The lines to reproduce from the material below are those from the one containing "< max M (1 /" through the one containing "using assms(1) unfolding", both included; write them out exactly and add nothing.

## Given records
____

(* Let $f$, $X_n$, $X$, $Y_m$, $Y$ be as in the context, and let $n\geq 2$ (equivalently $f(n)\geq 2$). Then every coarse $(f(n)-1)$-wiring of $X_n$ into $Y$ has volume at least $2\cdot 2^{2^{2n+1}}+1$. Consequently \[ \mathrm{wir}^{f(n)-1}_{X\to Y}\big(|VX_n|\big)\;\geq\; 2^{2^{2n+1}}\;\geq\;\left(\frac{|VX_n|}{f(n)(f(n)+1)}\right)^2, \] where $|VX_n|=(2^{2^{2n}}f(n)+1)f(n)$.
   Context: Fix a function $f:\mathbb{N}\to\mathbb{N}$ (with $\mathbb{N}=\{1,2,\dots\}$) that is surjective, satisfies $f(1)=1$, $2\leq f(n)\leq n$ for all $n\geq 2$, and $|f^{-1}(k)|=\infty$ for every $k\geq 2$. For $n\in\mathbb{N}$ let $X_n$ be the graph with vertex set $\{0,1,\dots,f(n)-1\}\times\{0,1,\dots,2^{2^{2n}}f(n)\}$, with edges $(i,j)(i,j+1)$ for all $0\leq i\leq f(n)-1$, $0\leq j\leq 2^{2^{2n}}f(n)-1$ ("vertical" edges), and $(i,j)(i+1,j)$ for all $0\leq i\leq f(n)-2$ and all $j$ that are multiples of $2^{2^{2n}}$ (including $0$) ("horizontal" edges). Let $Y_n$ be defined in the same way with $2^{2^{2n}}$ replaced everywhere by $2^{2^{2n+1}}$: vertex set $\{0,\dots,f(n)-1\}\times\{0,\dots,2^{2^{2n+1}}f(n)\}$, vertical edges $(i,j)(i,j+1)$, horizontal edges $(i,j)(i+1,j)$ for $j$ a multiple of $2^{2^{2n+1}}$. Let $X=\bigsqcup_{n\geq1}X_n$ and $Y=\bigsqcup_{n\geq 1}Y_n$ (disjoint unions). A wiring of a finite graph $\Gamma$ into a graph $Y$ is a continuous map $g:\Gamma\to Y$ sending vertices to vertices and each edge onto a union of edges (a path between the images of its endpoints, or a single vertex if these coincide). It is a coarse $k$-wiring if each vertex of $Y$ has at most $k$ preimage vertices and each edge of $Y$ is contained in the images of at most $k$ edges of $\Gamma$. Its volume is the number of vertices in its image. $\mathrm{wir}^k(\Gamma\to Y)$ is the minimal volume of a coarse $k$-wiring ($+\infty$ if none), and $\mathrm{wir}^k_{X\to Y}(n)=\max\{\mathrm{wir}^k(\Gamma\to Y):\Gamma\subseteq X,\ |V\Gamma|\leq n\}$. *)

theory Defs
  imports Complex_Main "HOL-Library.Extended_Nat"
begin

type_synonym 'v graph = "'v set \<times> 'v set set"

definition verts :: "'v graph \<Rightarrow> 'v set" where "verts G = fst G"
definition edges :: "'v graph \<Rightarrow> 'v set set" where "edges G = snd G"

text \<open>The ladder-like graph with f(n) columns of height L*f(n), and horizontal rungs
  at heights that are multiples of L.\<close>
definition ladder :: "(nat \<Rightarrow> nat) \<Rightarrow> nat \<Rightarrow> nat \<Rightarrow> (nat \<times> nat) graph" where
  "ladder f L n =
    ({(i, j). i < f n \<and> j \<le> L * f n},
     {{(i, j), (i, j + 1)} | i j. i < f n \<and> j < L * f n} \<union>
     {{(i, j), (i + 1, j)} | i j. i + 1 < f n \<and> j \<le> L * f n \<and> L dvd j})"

____

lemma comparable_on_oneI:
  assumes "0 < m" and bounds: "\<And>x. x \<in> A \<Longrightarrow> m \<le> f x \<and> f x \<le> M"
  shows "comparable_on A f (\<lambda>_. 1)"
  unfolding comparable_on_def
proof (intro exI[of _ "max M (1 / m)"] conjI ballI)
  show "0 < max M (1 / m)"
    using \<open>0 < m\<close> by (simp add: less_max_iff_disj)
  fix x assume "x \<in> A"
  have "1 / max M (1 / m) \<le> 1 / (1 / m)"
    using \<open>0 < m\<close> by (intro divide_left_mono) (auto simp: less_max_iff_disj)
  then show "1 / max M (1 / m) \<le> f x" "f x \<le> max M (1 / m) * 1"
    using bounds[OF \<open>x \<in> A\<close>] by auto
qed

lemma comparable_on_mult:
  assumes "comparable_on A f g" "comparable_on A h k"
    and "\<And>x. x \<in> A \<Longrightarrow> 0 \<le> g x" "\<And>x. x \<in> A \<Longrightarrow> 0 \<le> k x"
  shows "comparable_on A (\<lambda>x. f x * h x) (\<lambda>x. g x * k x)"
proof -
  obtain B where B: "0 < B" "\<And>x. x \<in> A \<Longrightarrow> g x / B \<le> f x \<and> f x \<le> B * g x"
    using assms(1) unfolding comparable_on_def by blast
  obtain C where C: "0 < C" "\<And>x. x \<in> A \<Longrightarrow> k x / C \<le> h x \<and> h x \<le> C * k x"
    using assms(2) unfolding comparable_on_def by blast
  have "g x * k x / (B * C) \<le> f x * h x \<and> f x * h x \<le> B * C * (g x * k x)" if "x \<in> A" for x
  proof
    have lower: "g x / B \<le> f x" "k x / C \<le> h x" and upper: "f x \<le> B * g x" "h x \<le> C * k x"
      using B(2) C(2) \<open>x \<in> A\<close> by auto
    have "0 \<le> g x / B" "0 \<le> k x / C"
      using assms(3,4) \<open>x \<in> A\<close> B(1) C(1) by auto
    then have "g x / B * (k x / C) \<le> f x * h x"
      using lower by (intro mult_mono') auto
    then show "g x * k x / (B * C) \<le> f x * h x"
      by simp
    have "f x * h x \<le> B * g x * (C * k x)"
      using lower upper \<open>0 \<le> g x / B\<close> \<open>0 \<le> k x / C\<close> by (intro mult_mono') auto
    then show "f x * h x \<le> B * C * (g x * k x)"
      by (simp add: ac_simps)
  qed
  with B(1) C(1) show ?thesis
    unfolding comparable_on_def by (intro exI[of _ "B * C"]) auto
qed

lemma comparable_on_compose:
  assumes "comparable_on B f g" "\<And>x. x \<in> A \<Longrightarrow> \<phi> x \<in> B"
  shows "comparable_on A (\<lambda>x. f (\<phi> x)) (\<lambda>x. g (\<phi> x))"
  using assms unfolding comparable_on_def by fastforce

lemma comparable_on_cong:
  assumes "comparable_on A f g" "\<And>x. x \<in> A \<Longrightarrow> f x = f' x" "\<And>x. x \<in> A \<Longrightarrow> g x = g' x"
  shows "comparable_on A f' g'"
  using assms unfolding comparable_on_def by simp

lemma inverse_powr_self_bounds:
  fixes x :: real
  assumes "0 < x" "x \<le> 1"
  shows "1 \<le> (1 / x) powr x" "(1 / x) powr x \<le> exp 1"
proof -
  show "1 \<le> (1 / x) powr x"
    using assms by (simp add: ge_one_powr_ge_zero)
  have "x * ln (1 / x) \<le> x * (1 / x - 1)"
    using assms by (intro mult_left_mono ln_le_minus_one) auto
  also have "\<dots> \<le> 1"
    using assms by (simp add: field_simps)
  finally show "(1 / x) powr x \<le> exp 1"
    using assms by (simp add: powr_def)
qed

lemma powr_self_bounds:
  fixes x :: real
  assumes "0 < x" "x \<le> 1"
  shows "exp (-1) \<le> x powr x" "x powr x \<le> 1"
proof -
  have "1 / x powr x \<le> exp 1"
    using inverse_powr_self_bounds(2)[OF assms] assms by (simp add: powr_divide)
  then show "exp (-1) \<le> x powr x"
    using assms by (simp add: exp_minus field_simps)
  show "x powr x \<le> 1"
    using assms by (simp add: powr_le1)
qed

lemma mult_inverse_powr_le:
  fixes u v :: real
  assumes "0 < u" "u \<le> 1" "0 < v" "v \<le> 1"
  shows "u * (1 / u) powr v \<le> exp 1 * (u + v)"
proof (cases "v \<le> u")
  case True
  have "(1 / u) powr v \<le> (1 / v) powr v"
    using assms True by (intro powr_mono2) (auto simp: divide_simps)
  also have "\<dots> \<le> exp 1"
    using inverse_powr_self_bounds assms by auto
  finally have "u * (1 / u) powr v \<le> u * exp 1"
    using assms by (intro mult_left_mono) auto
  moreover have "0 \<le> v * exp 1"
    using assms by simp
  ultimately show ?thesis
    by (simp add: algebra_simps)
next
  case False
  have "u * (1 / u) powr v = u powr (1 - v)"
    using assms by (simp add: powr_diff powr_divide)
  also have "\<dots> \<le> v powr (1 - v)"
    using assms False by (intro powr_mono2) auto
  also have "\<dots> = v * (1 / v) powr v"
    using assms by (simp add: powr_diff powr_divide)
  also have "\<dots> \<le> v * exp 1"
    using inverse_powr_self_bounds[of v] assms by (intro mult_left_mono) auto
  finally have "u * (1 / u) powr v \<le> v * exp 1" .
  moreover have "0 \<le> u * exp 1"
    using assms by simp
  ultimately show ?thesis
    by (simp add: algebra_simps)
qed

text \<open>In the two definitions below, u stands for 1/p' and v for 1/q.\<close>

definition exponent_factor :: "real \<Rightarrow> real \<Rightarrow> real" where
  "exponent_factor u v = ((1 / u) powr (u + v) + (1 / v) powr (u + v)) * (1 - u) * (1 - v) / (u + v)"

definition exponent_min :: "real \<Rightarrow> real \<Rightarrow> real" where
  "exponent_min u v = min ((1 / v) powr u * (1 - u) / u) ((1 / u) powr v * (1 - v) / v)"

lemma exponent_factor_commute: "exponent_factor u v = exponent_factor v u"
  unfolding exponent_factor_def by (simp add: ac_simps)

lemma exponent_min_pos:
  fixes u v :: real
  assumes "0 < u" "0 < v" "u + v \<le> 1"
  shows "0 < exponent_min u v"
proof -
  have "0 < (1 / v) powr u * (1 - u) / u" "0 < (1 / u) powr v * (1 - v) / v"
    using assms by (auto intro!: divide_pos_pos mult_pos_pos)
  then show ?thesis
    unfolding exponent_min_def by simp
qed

____

## Result of this exercise
  show "0 < max M (1 / m)"
    using \<open>0 < m\<close> by (simp add: less_max_iff_disj)
  fix x assume "x \<in> A"
  have "1 / max M (1 / m) \<le> 1 / (1 / m)"
    using \<open>0 < m\<close> by (intro divide_left_mono) (auto simp: less_max_iff_disj)
  then show "1 / max M (1 / m) \<le> f x" "f x \<le> max M (1 / m) * 1"
    using bounds[OF \<open>x \<in> A\<close>] by auto
qed

lemma comparable_on_mult:
  assumes "comparable_on A f g" "comparable_on A h k"
    and "\<And>x. x \<in> A \<Longrightarrow> 0 \<le> g x" "\<And>x. x \<in> A \<Longrightarrow> 0 \<le> k x"
  shows "comparable_on A (\<lambda>x. f x * h x) (\<lambda>x. g x * k x)"
proof -
  obtain B where B: "0 < B" "\<And>x. x \<in> A \<Longrightarrow> g x / B \<le> f x \<and> f x \<le> B * g x"
    using assms(1) unfolding comparable_on_def by blast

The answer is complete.